秀吉が従来の政策を変え基督教を迫害しはじめた結果、各地で切支丹が家を追われ、拷問を受け、虐殺され始めた。
徳川将軍もすべての基督教聖職者を日本から追放することにした。
ひそかに日本の地に隠れ残っていた基督教聖職者たちの中に教父フェレイラがいた。
長崎奉行の竹中采女(うねめ)は雲仙地獄の熱湯で基督教聖職者たちを拷問にかけた。
江戸初期、ポルトガルのイエズス会が日本に派遣していた教父フェレイラは、穴吊(あなづり・汚物を詰め込んだ穴の中に首を入れ、逆さに吊るされる)の拷問を受け棄教した。
教父フェレイラは沢野忠庵と言う日本名を奉行からもらい、死刑にされた男の妻と子もいっしょにもらった。

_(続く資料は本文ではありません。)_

lemma Hausdorff_space_X: "Hausdorff_space X"
  using tds unfolding tds_def by blast

lemma act_closed: "g \<in> carrier G \<Longrightarrow> x \<in> topspace X \<Longrightarrow> act g x \<in> topspace X"
  using tds unfolding tds_def by blast

lemma act_mult:
  "g \<in> carrier G \<Longrightarrow> h \<in> carrier G \<Longrightarrow> x \<in> topspace X \<Longrightarrow> act (g \<otimes>\<^bsub>G\<^esub> h) x = act g (act h x)"
  using tds unfolding tds_def by blast

lemma act_inv_act: "g \<in> carrier G \<Longrightarrow> x \<in> topspace X \<Longrightarrow> act (inv\<^bsub>G\<^esub> g) (act g x) = x"
  using tds act_mult[of "inv\<^bsub>G\<^esub> g" g x] group.inv_closed[OF group_G] group.l_inv[OF group_G]
  unfolding tds_def by metis

lemma equicontinuous_action_uniform:
  assumes "equicontinuous_action G X act" "diagonal_nbhd X W0"
  obtains R where "diagonal_nbhd X R"
    "\<And>a b k. (a, b) \<in> R \<Longrightarrow> k \<in> carrier G \<Longrightarrow> (act k a, act k b) \<in> W0"
proof -
  obtain W where W: "diagonal_nbhd X W" "\<And>a b c. (a, b) \<in> W \<Longrightarrow> (a, c) \<in> W \<Longrightarrow> (b, c) \<in> W0"
    using diagonal_nbhd_star_refinement[OF compact_space_X Hausdorff_space_X assms(2)] by metis
  have "\<exists>U. openin X U \<and> c \<in> U \<and> (\<forall>y\<in>U. \<forall>g\<in>carrier G. (act g c, act g y) \<in> W)"
    if c: "c \<in> topspace X" for c
    using assms(1) W(1) c unfolding equicontinuous_action_def diagonal_nbhd_def by simp
  then obtain U where U: "\<And>c. c \<in> topspace X \<Longrightarrow>
      openin X (U c) \<and> c \<in> U c \<and> (\<forall>y\<in>U c. \<forall>g\<in>carrier G. (act g c, act g y) \<in> W)"
    by metis
  define R where "R = (\<Union>c\<in>topspace X. U c \<times> U c)"
  have "diagonal_nbhd X R"
    unfolding diagonal_nbhd_def R_def using U
    by (auto intro!: openin_Union simp: openin_prod_Times_iff)
  moreover have "(act k a, act k b) \<in> W0" if ab: "(a, b) \<in> R" and k: "k \<in> carrier G" for a b k
  proof -
    obtain c where "c \<in> topspace X" "a \<in> U c" "b \<in> U c"
      using ab unfolding R_def by blast
    then have "(act k c, act k a) \<in> W" "(act k c, act k b) \<in> W"
      using U k by blast+
    then show ?thesis
      using W(2) by blast
  qed
  ultimately show thesis
    using that by blast
qed
(* Let $n\geq 1$ be an integer. The set of real neighbours of $\mathcal{E}_n$ is $\{0,\pm1,\pm2\}$ when $n=1$ or $n\geq 5$, and is $\{0,\pm1,\pm2,\pm3\}$ when $n\in\{2,3,4\}$. The set of real neighbours of $T_n$ is $\{0,\pm1\}$.
   Context: Let $b:=-n+i$. $T_n$ is the attractor of the iterated function system $\{z\mapsto b^{-1}(z+d): d\in\{0,1,\ldots,n^2\}\}$, i.e. $T_n=\{\sum_{j\ge1}d_jb^{-j}: d_j\in\{0,\ldots,n^2\}\}$. $\mathcal{E}_n$ is the attractor of $\{z\mapsto b^{-1}(z+\delta): \delta\in\{0,\pm1,\ldots,\pm n^2\}\}$, i.e. $\mathcal{E}_n=\{\sum_{j\ge1}\delta_jb^{-j}: \delta_j\in\{-n^2,\ldots,n^2\}\}$. For $Y\subset\mathbb{C}$, a neighbour of $Y$ is a Gaussian integer $s$ with $Y\cap(Y+s)\neq\emptyset$; a real neighbour is a neighbour that is a real number (an integer). *)

theory Defs
  imports "HOL-Analysis.Analysis"
begin

definition base :: "nat \<Rightarrow> complex" where
  "base n = - of_nat n + \<i>"

text \<open>Attractor of the IFS z -> b^{-1}(z+d), d in D:
  the set of all sums sum_{j>=1} d_j b^{-j} with digits d_j in D
  (indexed here from 0, so digit k has weight b^{-(k+1)}).\<close>
definition attractor :: "complex \<Rightarrow> int set \<Rightarrow> complex set" where
  "attractor b D = {z. \<exists>d::nat \<Rightarrow> int. (\<forall>k. d k \<in> D) \<and>
                       z = (\<Sum>k. of_int (d k) / b ^ Suc k)}"

definition T_set :: "nat \<Rightarrow> complex set" where
  "T_set n = attractor (base n) {0 .. int (n^2)}"

definition E_set :: "nat \<Rightarrow> complex set" where
  "E_set n = attractor (base n) {- int (n^2) .. int (n^2)}"

definition gaussian_int :: "complex \<Rightarrow> bool" where
  "gaussian_int s \<longleftrightarrow> Re s \<in> \<int> \<and> Im s \<in> \<int>"

definition neighbour :: "complex set \<Rightarrow> complex \<Rightarrow> bool" where
  "neighbour Y s \<longleftrightarrow> gaussian_int s \<and> Y \<inter> ((\<lambda>y. y + s) ` Y) \<noteq> {}"

definition real_neighbours :: "complex set \<Rightarrow> int set" where
  "real_neighbours Y = {m::int. neighbour Y (of_int m)}"

end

稀にみる神学的才能に恵まれ、迫害下にも不屈の信念を持ち続けていた教父フェレイラはなぜ棄教したのだろうか。
教父フェレイラは「私が転んだ(棄教した)のは、自分が3日間穴に吊られたからではない」と言う。
「(棄教したのは)穴吊りにされ呻き続ける信徒たちに対して、神が何一つなさらなかったからだ」と言う。
信徒たちが「棄教する」と言ったとしても教父フェレイラが棄教しない限り、彼らは許されなかった。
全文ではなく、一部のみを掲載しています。